Perform OCR in Docker

11 Jan 20235 minutes to read

The Syncfusion .NET OCR library is used to extract text from the scanned PDFs and images in the Docker application with the help of Google’s Tesseract Optical Character Recognition engine.

Steps to perform OCR on entire PDF document in Docker

Step 1: Create a new ASP.NET Core application project.
OCR Docker Step1

Step 2: In the project configuration window, name your project and select Next.
OCR Docker Step2

Step 3: Enable the Docker support with Linux as a target OS.
OCR Docker Step3

Step 4: Install the Syncfusion.PDF.OCR.NET NuGet package as a reference to your .NET Core application NuGet.org.
OCR Docker Step4

Step 5: Tesseract assemblies are not added as a reference.

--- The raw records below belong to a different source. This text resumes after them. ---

lemma Hik_variation_step:
  assumes "i \<le> N" and "k \<le> N"
  shows "(if k = i then hessian_entry (cost \<Phi> F N x0) z i j else 0)
      + a \<bullet> state_variation F x0 z j (Suc k) + b \<bullet> costate_variation \<Phi> F N x0 z j k
    = grad (\<lambda>y. Hik \<Phi> F i k y (z k) (costate \<Phi> F N x0 z (Suc k)) a b) (state F x0 z k)
        \<bullet> state_variation F x0 z j k
      + deriv (\<lambda>v. Hik \<Phi> F i k (state F x0 z k) v (costate \<Phi> F N x0 z (Suc k)) a b) (z k)
        * (if k = j then 1 else 0)
      + grad (\<lambda>l. Hik \<Phi> F i k (state F x0 z k) (z k) l a b) (costate \<Phi> F N x0 z (Suc k))
        \<bullet> costate_variation \<Phi> F N x0 z j (Suc k)"
proof -
  let ?H = "\<lambda>s. Hik \<Phi> F i k (state F x0 (z(j := s)) k) ((z(j := s)) k)
    (costate \<Phi> F N x0 (z(j := s)) (Suc k)) a b"
  have derivative_via_partials: "(?H has_vector_derivative
      grad (\<lambda>y. Hik \<Phi> F i k y (z k) (costate \<Phi> F N x0 z (Suc k)) a b) (state F x0 z k)
        \<bullet> state_variation F x0 z j k
      + deriv (\<lambda>v. Hik \<Phi> F i k (state F x0 z k) v (costate \<Phi> F N x0 z (Suc k)) a b) (z k)
        * (if k = j then 1 else 0)
      + grad (\<lambda>l. Hik \<Phi> F i k (state F x0 z k) (z k) l a b) (costate \<Phi> F N x0 z (Suc k))
        \<bullet> costate_variation \<Phi> F N x0 z j (Suc k)) (at (z j))"
    using has_vector_derivative_partials[OF Hik_differentiable state_has_vector_derivative[of x0 z j k]
        fun_upd_has_vector_derivative[of z j k "z j"] costate_has_vector_derivative[of N x0 z j "Suc k"]]
    by (simp only: fun_upd_triv)
  have "?H = (\<lambda>s. (if k = i then partial_u (cost \<Phi> F N x0) i (z(j := s)) else 0)
      + a \<bullet> state F x0 (z(j := s)) (Suc k) + b \<bullet> costate \<Phi> F N x0 (z(j := s)) k)"
    by (simp add: fun_eq_iff Hik_def partial_cost_eq_Lu[OF assms(1)] costate_step[OF assms(2)])
  moreover have "((\<lambda>s. (if k = i then partial_u (cost \<Phi> F N x0) i (z(j := s)) else 0)
      + a \<bullet> state F x0 (z(j := s)) (Suc k) + b \<bullet> costate \<Phi> F N x0 (z(j := s)) k) has_vector_derivative
      (if k = i then hessian_entry (cost \<Phi> F N x0) z i j else 0)
      + a \<bullet> state_variation F x0 z j (Suc k) + b \<bullet> costate_variation \<Phi> F N x0 z j k) (at (z j))"
    using partial_cost_has_derivative_hessian_entry[OF assms(1), of x0 z j]
    by (intro has_vector_derivative_add has_vector_derivative_inner_right state_has_vector_derivative
        costate_has_vector_derivative)
      (auto simp: has_real_derivative_iff_has_vector_derivative)
  ultimately have "(?H has_vector_derivative
      (if k = i then hessian_entry (cost \<Phi> F N x0) z i j else 0)
      + a \<bullet> state_variation F x0 z j (Suc k) + b \<bullet> costate_variation \<Phi> F N x0 z j k) (at (z j))"
    by simp
  from vector_derivative_unique_at[OF this derivative_via_partials] show ?thesis .
qed
(* Let $\Omega\subset K$ be a simply connected domain, where $K=\mathbb{C}\setminus(-\infty,0]$. The following are equivalent: (a) there is a conformal map $f\colon\mathbb{H}\to\Omega$ with $\angle\lim_{z\to\infty}f(z)=\infty$ such that $\sqrt f$ is conformal at infinity, where $\sqrt{\cdot}$ is the branch mapping $K$ conformally onto the right half-plane; (b) there is a conformal map $g\colon K\to\Omega$ with $g(\infty)=\infty$ such that $\angle\lim_{w\to\infty}g(w)/w\in\mathbb{C}\setminus\{0\}$ (angular limit in $K$).
   Context: $\mathbb{H}$ is the upper half-plane. For a holomorphic $F\colon\mathbb{H}\to\mathbb{C}$, $\angle\lim_{z\to\infty}F(z)=\ell$ means $F(z)\to\ell$ as $z\to\infty$ within each sector $\{|\arg z-\pi/2|<\theta\}$, $\theta\in(0,\pi/2)$. A holomorphic $F\colon\mathbb{H}\to\mathbb{C}$ with $\angle\lim_{z\to\infty}F(z)=\infty$ is conformal at infinity if $\angle\lim_{z\to\infty}F(z)/z\in\mathbb{C}\setminus\{0\}$. For maps on $K$, angular limits at $\infty$ are taken as $w\to\infty$ within each sector $\{|\arg w|<\theta\}$, $\theta\in(0,\pi)$. *)

theory Defs
  imports "HOL-Complex_Analysis.Complex_Analysis"
begin

definition upper_half_plane :: "complex set" where
  "upper_half_plane = {z. Im z > 0}"

definition slit_plane :: "complex set" where
  "slit_plane = {w. \<not> (Im w = 0 \<and> Re w \<le> 0)}"

definition H_sector :: "real \<Rightarrow> complex set" where
  "H_sector \<theta> = {z. z \<noteq> 0 \<and> \<bar>Arg z - pi/2\<bar> < \<theta>}"

definition K_sector :: "real \<Rightarrow> complex set" where
  "K_sector \<theta> = {w. w \<noteq> 0 \<and> \<bar>Arg w\<bar> < \<theta>}"

text \<open>Angular convergence at infinity in H towards the filter G
  (G = nhds l for a finite limit, G = at_infinity for the limit infinity).\<close>
definition ang_tendsto_H :: "(complex \<Rightarrow> complex) \<Rightarrow> complex filter \<Rightarrow> bool" where
  "ang_tendsto_H F G \<longleftrightarrow>
     (\<forall>\<theta>. 0 < \<theta> \<and> \<theta> < pi/2 \<longrightarrow> filterlim F G (inf at_infinity (principal (H_sector \<theta>))))"

definition ang_tendsto_K :: "(complex \<Rightarrow> complex) \<Rightarrow> complex filter \<Rightarrow> bool" where
  "ang_tendsto_K F G \<longleftrightarrow>
     (\<forall>\<theta>. 0 < \<theta> \<and> \<theta> < pi \<longrightarrow> filterlim F G (inf at_infinity (principal (K_sector \<theta>))))"

definition conformal_at_infinity_H :: "(complex \<Rightarrow> complex) \<Rightarrow> bool" where
  "conformal_at_infinity_H F \<longleftrightarrow>
     ang_tendsto_H F at_infinity \<and> (\<exists>c. c \<noteq> 0 \<and> ang_tendsto_H (\<lambda>z. F z / z) (nhds c))"

definition conformal_map_onto :: "(complex \<Rightarrow> complex) \<Rightarrow> complex set \<Rightarrow> complex set \<Rightarrow> bool" where
  "conformal_map_onto f A B \<longleftrightarrow> f holomorphic_on A \<and> inj_on f A \<and> f ` A = B"

end

theory Submission
  imports Defs
begin

text \<open>The map \<open>w \<mapsto> \<i> * csqrt w\<close> is a conformal bijection from the slit plane K onto
  the upper half-plane, with inverse \<open>z \<mapsto> - z\<^sup>2\<close>, and it maps the sector of opening
  \<open>\<theta>\<close> in K onto the sector of opening \<open>\<theta>/2\<close> in H. Composing with it therefore
  translates (a) into (b) and back: \<open>g w / w = - (csqrt (f z) / z)\<^sup>2\<close> for \<open>z = \<i> * csqrt w\<close>.
  The only subtle point is the way back, where \<open>csqrt (f z) / z\<close> is only known to have
  a square tending to \<open>-c\<close>. It is continuous on H, hence on the connected tails of
  each sector it stays near one of the two square roots of \<open>-c\<close>, and since the sectors
  are nested this root does not depend on the sector.\<close>

lemma slit_plane_eq: "slit_plane = - \<real>\<^sub>\<le>\<^sub>0"
  by (auto simp: slit_plane_def complex_nonpos_Reals_iff)

lemma H_sector_subset_upper_half_plane:
  assumes "\<theta> \<le> pi/2"
  shows "H_sector \<theta> \<subseteq> upper_half_plane"
  using assms by (auto simp: H_sector_def upper_half_plane_def simp flip: Arg_lt_pi)

lemma H_sector_mono: "\<theta>1 \<le> \<theta>2 \<Longrightarrow> H_sector \<theta>1 \<subseteq> H_sector \<theta>2"
  by (auto simp: H_sector_def)

lemma sqrt_in_H_sector:
  assumes "\<theta> < pi" "w \<in> K_sector \<theta>"
  shows "\<i> * csqrt w \<in> H_sector (\<theta>/2)"
proof -
  have w: "w \<noteq> 0" "\<bar>Arg w\<bar> < \<theta>"
    using assms by (auto simp: K_sector_def)
  have "Arg (\<i> * csqrt w) = pi/2 + Arg w / 2"
    using w assms by (subst Arg_times) auto
  then show ?thesis
    using w by (auto simp: H_sector_def)
qed

lemma neg_square_in_K_sector:
  assumes "\<theta> < pi/2" "z \<in> H_sector \<theta>"
  shows "- z\<^sup>2 \<in> K_sector (2*\<theta>)"
proof -
  have z: "z \<noteq> 0" "\<bar>Arg z - pi/2\<bar> < \<theta>"
    using assms by (auto simp: H_sector_def)
  have rot: "Arg (-\<i> * z) = Arg z - pi/2"
    using z assms by (subst Arg_times) auto
  have "- z\<^sup>2 = (-\<i> * z) * (-\<i> * z)"
    by (simp add: power2_eq_square algebra_simps)
  moreover have "Arg ((-\<i> * z) * (-\<i> * z)) = 2 * (Arg z - pi/2)"
    using Arg_times[of "-\<i> * z" "-\<i> * z"] rot z assms by auto
  ultimately show ?thesis
    using z by (auto simp: K_sector_def)
qed

lemma filterlim_at_infinity_inf_principal:
  assumes "filterlim p at_infinity at_infinity" "\<And>x. x \<in> A \<Longrightarrow> p x \<in> B"
  shows "filterlim p (inf at_infinity (principal B)) (inf at_infinity (principal A))"
  unfolding filterlim_inf filterlim_principal
proof
  show "filterlim p at_infinity (inf at_infinity (principal A))"
    using filterlim_mono[OF assms(1) order_refl inf_le1] .
  show "\<forall>\<^sub>F x in inf at_infinity (principal A). p x \<in> B"
    unfolding eventually_inf_principal using assms(2) by (auto intro: always_eventually)
qed
(* Under the assumptions in the context, the discrete solution set $\mathcal M^\delta:=\{u^\delta_\mu:\mu\in\mathcal P\}$ is a compact subset of $\widehat{\mathcal X^\delta}:=(B^1)^*(\mathcal Y^\delta)+\dots+(B^{Q_b})^*(\mathcal Y^\delta)\subset L_2(\Omega)$, where $u_\mu^\delta\in\mathcal X_\mu^\delta:=B_\mu^*(\mathcal Y^\delta)$ is the unique solution of $(u^\delta_\mu,B_\mu^*v)_{L_2(\Omega)}=f_\mu(v)$ for all $v\in\mathcal Y^\delta$.
   Context: Let $\Omega\subset\mathbb R^n$ be a bounded polyhedral Lipschitz domain with outward normal $\vec n$, and $\mathcal P\subset\mathbb R^p$ compact. For each $\mu\in\mathcal P$ let $\vec b_\mu\in C^1(\bar\Omega)^n$, $c_\mu\in C^0(\bar\Omega)$ with $c_\mu-\tfrac12\nabla\cdot\vec b_\mu\ge0$, with $\mu$-independent $\Gamma_\pm=\{z\in\partial\Omega:\vec b_\mu\cdot\vec n\gtrless0\}$, and such that $B_{\mu;\circ}^*w:=-\vec b_\mu\cdot\nabla w+w(c_\mu-\nabla\cdot\vec b_\mu)$ on $C^1_{\Gamma_+}(\Omega):=\{v\in C^0(\bar\Omega)\cap C^1(\Omega):v|_{\Gamma_+}=0\}$ is injective with dense range in $L_2(\Omega)$. Let $\mathcal Y_\mu$ be the closure of $C^1_{\Gamma_+}(\Omega)$ under $\|v\|_{\mathcal Y_\mu}:=\|B^*_{\mu;\circ}v\|_{L_2(\Omega)}$, $B_\mu^*$ the continuous extension, $\bar{\mathcal Y}:=\bigcap_\mu\mathcal Y_\mu$ (dense in each $\mathcal Y_\mu$) with norm $\|v\|_{\bar{\mathcal Y}}:=\sup_\mu\|v\|_{\mathcal Y_\mu}$. Assume affine decompositions $B_\mu^*=\sum_{q=1}^{Q_b}\theta_b^q(\mu)(B^q)^*$, $f_\mu=\sum_{q=1}^{Q_f}\theta_f^q(\mu)f^q$ with $\theta^q_b,\theta^q_f\in C^0(\mathcal P)$, $(B^q)^*\in\mathcal L(\bar{\mathcal Y},L_2(\Omega))$, $f^q\in\bar{\mathcal Y}'$, and $f_\mu\in\mathcal Y_\mu'$ for all $\mu$ with $\sup_\mu\|f_\mu\|_{\mathcal Y_\mu'}<\infty$. Let $\mathcal Y^\delta\subset\bar{\mathcal Y}$ be a $\mu$-independent finite-dimensional subspace; $\widehat{\mathcal X^\delta}$ is equipped with the $L_2(\Omega)$ inner product. *)

theory Defs
  imports "HOL-Analysis.Analysis"
begin

text \<open>Abstract rendering of the setting: the type 'h plays the role of L2(Omega)
(a real Hilbert space), the type 'y plays the role of Ybar (with its own norm),
Bq q plays the role of the adjoint operator (B^q)^*, fq q the functional f^q.\<close>

definition affine_op ::
  "(nat \<Rightarrow> 'p \<Rightarrow> real) \<Rightarrow> (nat \<Rightarrow> 'y \<Rightarrow> 'h::real_vector) \<Rightarrow> nat \<Rightarrow> 'p \<Rightarrow> 'y \<Rightarrow> 'h" where
  "affine_op \<theta> B Q \<mu> v = (\<Sum>q\<in>{1..Q}. \<theta> q \<mu> *\<^sub>R B q v)"

definition affine_fun ::
  "(nat \<Rightarrow> 'p \<Rightarrow> real) \<Rightarrow> (nat \<Rightarrow> 'y \<Rightarrow> real) \<Rightarrow> nat \<Rightarrow> 'p \<Rightarrow> 'y \<Rightarrow> real" where
  "affine_fun \<theta> f Q \<mu> v = (\<Sum>q\<in>{1..Q}. \<theta> q \<mu> * f q v)"

definition Xhat :: "(nat \<Rightarrow> 'y \<Rightarrow> 'h::real_vector) \<Rightarrow> nat \<Rightarrow> 'y set \<Rightarrow> 'h set" where
  "Xhat B Q Yd = {\<Sum>q\<in>{1..Q}. B q (v q) | v. \<forall>q\<in>{1..Q}. v q \<in> Yd}"

definition is_galerkin_sol ::
  "('y \<Rightarrow> 'h::real_inner) \<Rightarrow> ('y \<Rightarrow> real) \<Rightarrow> 'y set \<Rightarrow> 'h \<Rightarrow> bool" where
  "is_galerkin_sol Bmu fmu Yd u \<longleftrightarrow> u \<in> Bmu ` Yd \<and> (\<forall>v\<in>Yd. inner u (Bmu v) = fmu v)"

definition galerkin_sol :: "('y \<Rightarrow> 'h::real_inner) \<Rightarrow> ('y \<Rightarrow> real) \<Rightarrow> 'y set \<Rightarrow> 'h" where
  "galerkin_sol Bmu fmu Yd = (THE u. is_galerkin_sol Bmu fmu Yd u)"

end

theory Submission
  imports Defs
begin

text \<open>Restricted to the finite-dimensional space \<open>Yd\<close>, the operators \<open>B\<^sub>\<mu>\<close> are injective and
depend continuously on \<open>\<mu>\<close>, so by compactness of \<open>P \<times> (Yd \<inter> sphere 0 1)\<close> they are bounded below
uniformly in \<open>\<mu>\<close>. Together with the uniform bound on \<open>f\<^sub>\<mu>\<close> this bounds the coefficient \<open>v\<close> of every
Galerkin solution \<open>u\<^sub>\<mu> = B\<^sub>\<mu> v\<close>, and the pairs \<open>(\<mu>, v)\<close> satisfying the Galerkin equations form a
closed set. The solution set is therefore the continuous image of a compact set. It lies in \<open>Xhat\<close>
because \<open>B\<^sub>\<mu> v = \<Sum>\<^sub>q (B\<^sup>q)\<^sup>* (\<theta>\<^sup>q(\<mu>) v)\<close>.\<close>

lemma scaleR_coeff_le_norm_off_closed_span:
  fixes a :: "'a::real_normed_vector"
  assumes "closed (span S)" "a \<notin> span S"
  obtains e where "e > 0" "\<And>y t. y \<in> span S \<Longrightarrow> \<bar>t\<bar> * e \<le> norm (y + t *\<^sub>R a)"
proof
  define e where "e = infdist a (span S)"
  show "e > 0"
    unfolding e_def using assms span_zero by (intro infdist_pos_not_in_closed) auto
  show "\<bar>t\<bar> * e \<le> norm (y + t *\<^sub>R a)" if y: "y \<in> span S" for y t
  proof (cases "t = 0")
    case False
    have "e \<le> dist a (- (1 / t) *\<^sub>R y)"
      unfolding e_def using y by (intro infdist_le) (simp add: span_scale span_neg)
    also have "\<dots> = norm ((1 / t) *\<^sub>R (y + t *\<^sub>R a))"
      using False by (simp add: dist_norm algebra_simps)
    also have "\<dots> = norm (y + t *\<^sub>R a) / \<bar>t\<bar>"
      by simp
    finally show ?thesis
      using False by (simp add: field_simps)
  qed simp
qed
(* Let $\zeta=(m+r+\ell)/(m+r)$ be the money multiplier. (i) In an ample-reserves equilibrium, if aggregate cash $m$ is sufficiently small (holding the other equilibrium quantities and their derivatives fixed), then $\partial\zeta/\partial i>0$ and $\partial\zeta/\partial i_r<0$. (ii) Suppose $L^{-1}(i_\ell)>\bar\delta$. In both ample-reserves and scarce-reserves equilibria, if $m>0$ and $\chi<1$, then $\partial\zeta/\partial\bar\delta<0$.
   Context: Buyers meet sellers in one of three meeting types with probabilities $\sigma_1,\sigma_2,\sigma_3>0$ ($\sum\sigma_j=1$); type-1 buyers can only use cash, type-2 buyers can use cash, deposits and bank notes, type-3 buyers can additionally use unsecured credit up to a limit $\bar\delta\ge0$. DM preferences $u,c$ with $u'>0,u''<0$, $c'>0,c''\ge0$, $u(0)=c(0)=0$, $q^*$ solving $u'(q^* )=c'(q^* )$; bargaining power $\theta\in(0,1]$, payment $v(q)=(1-\theta)u(q)+\theta c(q)$, liquidity premium $\lambda(q)=\theta[u'(q)-c'(q)]/[(1-\theta)u'(q)+\theta c'(q)]$ for $q<q^*$ and $0$ otherwise, $L(z)=\lambda(\min\{q^*,v^{-1}(z)\})$ with decreasing inverse $L^{-1}$. Policy: nominal rate $i\ge0$, interest on reserves $i_r$, reserve requirement $\chi\in(0,1)$, $a=(1-\chi)/\chi$. Bank cost functions $\gamma,\eta$ twice differentiable with $\gamma',\gamma'',\eta',\eta''>0$ on $(0,\infty)$, $\gamma(0)=\gamma'(0)=\eta(0)=\eta'(0)=0$; entry cost $k>0$; $1+i=(1+i_d)(1+i_\ell)$. There is a measure $n$ of identical banks each holding reserves $\tilde r$ and lending $\tilde\ell$; aggregate reserves $r=n\tilde r$, aggregate loans (bank notes) $\ell=n\tilde\ell$; aggregate cash $m=\sum_j\sigma_jm_j$ is held only by type-1 buyers in banking equilibria, $m=\sigma_1L^{-1}(i)$ (decreasing in $i$). Ample-reserves equilibrium: $(\tilde r,\tilde\ell)$ solve $[1+\eta'(\tilde\ell)][1+i_r-\gamma'(\tilde r)]=1+i$ and $\gamma'(\tilde r)\tilde r-\gamma(\tilde r)+\eta'(\tilde\ell)\tilde\ell-\eta(\tilde\ell)=k$, $i_d=i_r-\gamma'(\tilde r)$, $i_\ell=\eta'(\tilde\ell)$, $\tilde\ell<a\tilde r$; $n$ solves $(\sigma_2+\sigma_3)L^{-1}(i_\ell)-\sigma_3\bar\delta=n[(1+i_d)\tilde r+\tilde\ell]$. Scarce-reserves equilibrium: $\tilde\ell=a\tilde r$ (so $\ell=ar$ and $\zeta=(m+r/\chi)/(m+r)$), $(\tilde r,i_d)$ solve $\gamma'(\tilde r)\tilde r-\gamma(\tilde r)+\eta'(a\tilde r)a\tilde r-\eta(a\tilde r)=k$ and $i_d=i_r-\gamma'(\tilde r)+[i_\ell-\eta'(a\tilde r)]a$, and $r=\frac{(\sigma_2+\sigma_3)\chi}{1+i_d\chi}L^{-1}(i_\ell)-\frac{\sigma_3\bar\delta\chi}{1+i_d\chi}$. *)

theory Defs
  imports Complex_Main
begin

They must be kept in the local machine, and the location of the assemblies is passed as a parameter to the OCR processor.

  • C#
  • OCRProcessor processor = new OCRProcessor(@"TesseractBinaries/")

    Step 6: Place the Tesseract language data {E.g eng.traineddata} in the local system and provide a path to the OCR processor. Please use the OCR language data for other languages using the following this link.

    Tesseract language data

  • C#
  • OCRProcessor processor = new OCRProcessor("Tesseractbinaries/");
    processor.PerformOCR(loadedDocument, "tessdata/");

    Step 7: Include the following commands in the Docker file to install the dependent packages in the docker container.

  • C#
  • RUN apt-get update && \
    apt-get install -yq --no-install-recommends \
    libgdiplus libc6-dev

    Convert HTMLToPDF Docker Step5

    Step 8: A default action method named Index will be present in the HomeController.cs. Right-click on the Index method and select Go to View, where you will be directed to its associated view page Index.cshtml.

    Step 9: Add a new button in the index.cshtml as follows.

  • C#
  • @{Html.BeginForm("PerformOCR", "Home", FormMethod.Get);
        {
            <div>
                <input type="submit" value="Perform OCR on entire PDF" style="width:200px;height:27px" />
            </div>
        }
        Html.EndForm();
    }

    Convert HTMLToPDF Docker Step6

    Step 10: A default controller with the name HomeController.cs gets added to the creation of the ASP.NET Core project. Include the following namespaces in that HomeController.cs file.

  • C#
  • using Syncfusion.OCRProcessor;
    using Syncfusion.Pdf.Parsing;

    Step 11: Add a new action method PerformOCR in the HomeController.cs, and include the code sample to perform OCR on the entire PDF document using PerformOCR method of the OCRProcessor class.

  • C#
  • public ActionResult PerformOCR()
    {
       string docPath = _hostingEnvironment.WebRootPath + "/Data/Input.pdf";
       string tesseractPath = _hostingEnvironment.WebRootPath + "/Data/Tesseractbinaries/Linux";
        //Initialize the OCR processor by providing the path of tesseract binaries(SyncfusionTesseract.dll and liblept168.dll)
        using (OCRProcessor processor = new OCRProcessor(tesseractPath))
        {
            FileStream fileStream = new FileStream(docPath, FileMode.Open, FileAccess.Read);
            //Load a PDF document
            PdfLoadedDocument lDoc = new PdfLoadedDocument(fileStream);
            //Set OCR language to process
            processor.Settings.Language = Languages.English;
            string tessdataPath = _hostingEnvironment.WebRootPath + "/Data/tessdata";
            //Process OCR by providing the PDF document and Tesseract data
            processor.PerformOCR(lDoc, tessdataPath);
            //Create memory stream
            MemoryStream stream = new MemoryStream();
            //Save the document to memory stream
            lDoc.Save(stream);
            lDoc.Close();
            //Set the position as '0'
            stream.Position = 0;
            //Download the PDF document in the browser
            FileStreamResult fileStreamResult = new FileStreamResult(stream, "application/pdf");
            fileStreamResult.FileDownloadName = "Sample.pdf";
            return fileStreamResult;
        }
    }

    Step 12: Build and run the sample in Docker. It will pull the Linux Docker image from the Docker hub and run the project. Now, the webpage will open in the browser. Click the button to convert the webpage to a PDF.

    By executing the program, you will get a PDF document as follows.

    Convert HTMLToPDF Dockeroutput

    A complete working sample for converting an HTML to PDF in the Linux docker container can be downloaded from Github.